In principle, employers should be able to monitor employee activity covertly. Monitoring workplace e-mail traffic may help prevent harassment and surveillance outside the workplace may help prevent malingering

Article 8 ECHR provides a right to respect for private life and correspondence. This is qualified for the prevention of crime and disorder, the protection of health and morals and the protection of the rights and freedoms of others. The difficulty is where to put the boundary between the rights and the qualifications.

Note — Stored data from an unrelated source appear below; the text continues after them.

text \<open>At a first point where |v| + c |y| reaches P, the function s1 v + s2 c y - P (with the
  signs s1, s2 of v and y there) vanishes and is negative just to the left, so its derivative
  there cannot be negative.\<close>

lemma barrier_comparison:
  fixes v y P v' y' P' :: "real \<Rightarrow> real" and c x0 R x :: real
  assumes "x0 < R" "0 < c"
    and dv: "\<And>x. x \<in> {x0..R} \<Longrightarrow> (v has_real_derivative v' x) (at x)"
    and dy: "\<And>x. x \<in> {x0..R} \<Longrightarrow> (y has_real_derivative y' x) (at x)"
    and dP: "\<And>x. x \<in> {x0..R} \<Longrightarrow> (P has_real_derivative P' x) (at x)"
    and start: "\<bar>v x0\<bar> + c * \<bar>y x0\<bar> < P x0"
    and touch: "\<And>x s1 s2. x \<in> {x0<..R} \<Longrightarrow> \<bar>v x\<bar> + c * \<bar>y x\<bar> = P x \<Longrightarrow>
        \<bar>s1\<bar> = 1 \<Longrightarrow> \<bar>s2\<bar> = 1 \<Longrightarrow> s1 * v x = \<bar>v x\<bar> \<Longrightarrow> s2 * y x = \<bar>y x\<bar> \<Longrightarrow>
        s1 * v' x + s2 * c * y' x < P' x"
    and x: "x \<in> {x0..R}"
  shows "\<bar>v x\<bar> + c * \<bar>y x\<bar> < P x"
proof (rule ccontr)
  assume touched: "\<not> ?thesis"
  define h where "h = (\<lambda>x. \<bar>v x\<bar> + c * \<bar>y x\<bar> - P x)"
  have "continuous_on {x0..x} h"
    unfolding h_def using x
    by (intro continuous_at_imp_continuous_on ballI continuous_intros
        DERIV_isCont [OF dv] DERIV_isCont [OF dy] DERIV_isCont [OF dP]) auto
  then obtain x1 where x1: "x0 < x1" "x1 \<le> x" "h x1 = 0" and below: "\<And>z. x0 \<le> z \<Longrightarrow> z < x1 \<Longrightarrow> h z < 0"
    using first_zero_crossing [of x0 x h] start touched x unfolding h_def by auto
  have x1I: "x1 \<in> {x0..R}" "x1 \<in> {x0<..R}"
    using x1 x by auto
  define s1 where "s1 = (if 0 \<le> v x1 then 1 else -1::real)"
  define s2 where "s2 = (if 0 \<le> y x1 then 1 else -1::real)"
  have s1: "\<bar>s1\<bar> = 1" "s1 * v x1 = \<bar>v x1\<bar>" and s2: "\<bar>s2\<bar> = 1" "s2 * y x1 = \<bar>y x1\<bar>"
    unfolding s1_def s2_def by auto
  define g where "g = (\<lambda>x. s1 * v x + s2 * c * y x - P x)"
  have "(g has_real_derivative (s1 * v' x1 + s2 * c * y' x1 - P' x1)) (at x1)"
    unfolding g_def using dv dy dP x1I(1) by (auto intro!: derivative_eq_intros)
  moreover have "s1 * v' x1 + s2 * c * y' x1 - P' x1 < 0"
    using touch [OF x1I(2) _ s1(1) s2(1) s1(2) s2(2)] x1(3) unfolding h_def by simp
  ultimately obtain d where "d > 0" and dec: "\<And>e. e > 0 \<Longrightarrow> e < d \<Longrightarrow> g x1 < g (x1 - e)"
    using DERIV_neg_dec_left by blast
  define e where "e = min d (x1 - x0) / 2"
  have e: "0 < e" "e < d" "x0 \<le> x1 - e" "x1 - e < x1"
    using \<open>d > 0\<close> x1 unfolding e_def by (auto simp: min_def field_simps)
  have "g x1 = 0"
    using s1 s2 x1(3) unfolding g_def h_def by (simp add: algebra_simps)
  moreover have "g (x1 - e) \<le> h (x1 - e)"
  proof -
    have "s1 * v (x1 - e) \<le> \<bar>v (x1 - e)\<bar>" "s2 * y (x1 - e) \<le> \<bar>y (x1 - e)\<bar>"
      using s1(1) s2(1) abs_ge_self [of "s1 * v (x1 - e)"] abs_ge_self [of "s2 * y (x1 - e)"]
      by (simp_all add: abs_mult)
    then have "s1 * v (x1 - e) + c * (s2 * y (x1 - e)) \<le> \<bar>v (x1 - e)\<bar> + c * \<bar>y (x1 - e)\<bar>"
      using \<open>0 < c\<close> by (intro add_mono mult_left_mono) auto
    then show ?thesis
      unfolding g_def h_def by (simp add: mult.assoc mult.left_commute)
  qed
  ultimately show False
    using dec [OF e(1,2)] below [OF e(3,4)] by simp
qed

HRA creates direct rights against employers in the public sector, but not the private sector. But private sector employers cannot sit back. Since courts and tribunals must interpret legislation consistently with ECHR, a tribunal will have to take its provisions into account in assessing the fairness of a dismissal – in deciding whether the employer acted “reasonably or unreasonably” and what constitutes “equity and the substantial merits of the case”. ECHR will also affect what constitutes a breach of the implied duty of trust and confidence.

The Data Protection Act 1998 (DPA) adds a further dimension. It requires that data is adequate, relevant and accurate and is held for no longer than necessary. Individuals can have access to personal data held about them and this right extends to paper files. CCTV systems are covered too. In addition, Oftel has issued guidance on recording telephone conversations for business purposes.

Looking to the future, the EU is considering a proposal for a European Bill of Rights which would, like ECHR, provide a right of respect for private life.


Employer steps


In the light of these provisions, surveillance of staff must be handled with circumspection. Employers must have appropriate policies, specifying when it may undertake surveillance and why.

Nicholas Moore is head of employment at law firm Osborne Clarke OWA

 


Key points


  • The Regulation of Investigatory Powers Act 2000 restricts employer surveillance of staff communications.

  • The Human Rights Act 1998 and Data Protection Act 1998 also impact on surveillance.

  • Employers should have clear policies on monitoring.

  • Staff representatives should be consulted and consent gained and management training should be undertaken.